Em uma das obras expostas, produzida em relevo de chumbo, ele retira justamente aquilo que torna a bandeira imediatamente reconhecível: suas cores. Restam somente as estrelas e listras gravadas sobre uma superfície cinzenta.

Ramos diz que esse era justamente um dos interesses do artista. Citando uma frase de Johns, ela afirma que a bandeira é “uma imagem que a mente já conhece, mas que raramente é realmente observada”. A obra, diz, convida o público a olhar novamente para um símbolo tão familiar que costuma passar despercebido.

Essa liberdade de tradução atravessa toda a exposição. Se Johns reduz a bandeira à sua forma, outros artistas a transformam em memória pessoal.

É o caso da fotógrafa Sheila Pree Bright, que percorreu os Estados Unidos entre 2006 e 2008 retratando jovens com a bandeira americana enquanto pedia que completassem uma frase simples: “America is…” (“América é…”).

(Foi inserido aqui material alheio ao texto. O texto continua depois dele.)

(* Let $p(n,k)$ be the number of partitions of the integer $n$ into exactly $k$ positive parts and $q(n,k)$ the number of partitions of $n$ into exactly $k$ pairwise distinct positive parts. Let $(n_m,k_m)_{m\ge1}$ be a sequence of pairs of integers with $k_m\ge 2$ and $n_m\ge k_m$. If $n_m/k_m^3\to\infty$ then $q(n_m,k_m)/p(n_m,k_m)\to 1$; if $n_m/k_m^3\to 0$ then $q(n_m,k_m)/p(n_m,k_m)\to 0$. Equivalently, the probability that a uniformly random partition of $n_m$ into $k_m$ positive parts has two equal parts tends to $0$ in the first case and to $1$ in the second.
   Context: A partition of $n$ into $k$ positive parts is a multiset of $k$ positive integers with sum $n$ (equivalently a sequence $1\le x_1\le\dots\le x_k$ with $\sum x_i=n$). *)

theory Defs
  imports Complex_Main "HOL-Library.Multiset"
begin

definition partitions :: "nat \<Rightarrow> nat \<Rightarrow> nat multiset set" where
  "partitions n k = {M. size M = k \<and> sum_mset M = n \<and> 0 \<notin># M}"

definition p_part :: "nat \<Rightarrow> nat \<Rightarrow> nat" where
  "p_part n k = card (partitions n k)"

definition q_part :: "nat \<Rightarrow> nat \<Rightarrow> nat" where
  "q_part n k = card {M \<in> partitions n k. \<forall>x. count M x \<le> 1}"

end

theory Submission
  imports Defs "HOL-Combinatorics.Multiset_Permutations"
begin

text \<open>
  Compare partitions with compositions (ordered partitions). A partition \<open>M\<close> of \<open>n\<close> into
  \<open>k\<close> parts is the multiset of \<open>k! / \<Prod>x. (count M x)!\<close> compositions, so with \<open>C(n)\<close>
  the number \<open>(n-1 choose k-1)\<close> of compositions, \<open>k! q(n) \<le> C(n) \<le> k! p(n)\<close>.

  Lower bound: adding \<open>0, 1, ..., k-1\<close> to the sorted parts maps partitions of \<open>n\<close> injectively
  to partitions of \<open>n + K\<close> into distinct parts, \<open>K = k choose 2\<close>. Hence \<open>k! p(n) \<le> C(n+K)\<close>
  and \<open>C(n-K) \<le> k! q(n)\<close>, while \<open>C(n-K) \<ge> (1 - O(k^3/n)) C(n+K)\<close>.

  Upper bound: \<open>\<Prod>x. (count M x)!\<close> exceeds the number of pairs of equal entries, so summing
  over compositions gives \<open>k! p(n) \<ge> \<Sum>i<j. #{x. x_i = x_j}\<close>. Replacing \<open>x_i, x_j\<close> by their
  minimum and adding their difference to a third entry \<open>x_l\<close> maps all compositions onto those
  with \<open>x_i = x_j\<close>, with fibres of size at most \<open>2 x_l\<close>; averaging over \<open>l\<close> gives
  \<open>(k-2) C(n) \<le> 2n #{x. x_i = x_j}\<close>, and with \<open>k! q(n) \<le> C(n)\<close> this yields
  \<open>k^3 q(n) \<le> 18 n p(n)\<close>.
\<close>

definition compositions :: "nat \<Rightarrow> nat \<Rightarrow> nat list set" where
  "compositions n k = {xs. length xs = k \<and> sum_list xs = n \<and> 0 \<notin> set xs}"

definition count_fact_prod :: "'a multiset \<Rightarrow> nat" where
  "count_fact_prod M = (\<Prod>x\<in>set_mset M. fact (count M x))"

lemma finite_compositions: "finite (compositions n k)"
proof (rule finite_subset)
  show "compositions n k \<subseteq> {xs. set xs \<subseteq> {0..n} \<and> length xs = k}"
    by (auto simp: compositions_def member_le_sum_list)
qed (rule finite_lists_length_eq, simp)

lemma partitions_eq_image_mset: "partitions n k = mset ` compositions n k"
proof
  show "mset ` compositions n k \<subseteq> partitions n k"
    by (auto simp: compositions_def partitions_def sum_mset_sum_list)
  show "partitions n k \<subseteq> mset ` compositions n k"
  proof
    fix M assume "M \<in> partitions n k"
    then have "sorted_list_of_multiset M \<in> compositions n k"
      by (auto simp: compositions_def partitions_def simp flip: sum_mset_sum_list size_mset)
    then show "M \<in> mset ` compositions n k"
      by (metis image_eqI mset_sorted_list_of_multiset)
  qed
qed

As respostas revelam experiências muito diferentes de pertencimento. Uma jovem imigrante chinesa descreve o desconforto de viver entre duas culturas. Uma americana de origem sudanesa associa a bandeira às oportunidades encontradas por sua família no país. Outro participante a vê porquê símbolo de esperança. “Você encontra toda uma gama de perspectivas individuais sobre a pátria”, resume Ramos.

Também há espaço para leituras mais ambíguas. Em uma retrato do renomado Robert Frank, espargido pela série “Os Americanos”, duas mulheres observam um desfile da janela enquanto uma enorme bandeira ocupa quase toda a retrato. O tecido, ao mesmo tempo em que domina a cena, revela e esconde as personagens.

Em contraste, Allies Day (“Dia dos Aliados”), de Childe Hassam, registra uma Novidade York tomada por bandeiras americanas e de países aliados durante a ingresso dos Estados Unidos na Primeira Guerra Mundial. Ali, elas aparecem porquê símbolo de união e celebração pátrio, lembrando que a exposição também suplente espaço para representações de patriotismo, e não somente de sátira.

Embora inaugurada em um momento em que a bandeira voltou ao meio do debate político americano — frequentemente associada a discussões sobre patriotismo, imigração e identidade pátrio —, a mostra evita referências diretas a governos ou presidentes contemporâneos.

As obras, explica Ramos, foram selecionadas exclusivamente do pilha permanente do museu, e a intenção foi mostrar porquê diferentes gerações de artistas reinterpretaram esse símbolo ao longo da história, e não comentar um momento político específico.

O trajectória conta ainda com uma instalação em vídeo da artista Holly Bass, construída a partir de discursos e escritos de mulheres negras porquê Fannie Lou Hamer e Shirley Chisholm.

Para Ramos, a obra sintetiza o espírito da exposição ao reunir história pátrio, memória familiar e experiência pessoal. Foi por isso que ela foi escolhida para receber o visitante logo na ingresso da mostra: uma introdução à teoria de que, por trás de um dos símbolos mais conhecidos dos Estados Unidos, existe uma infinidade de histórias.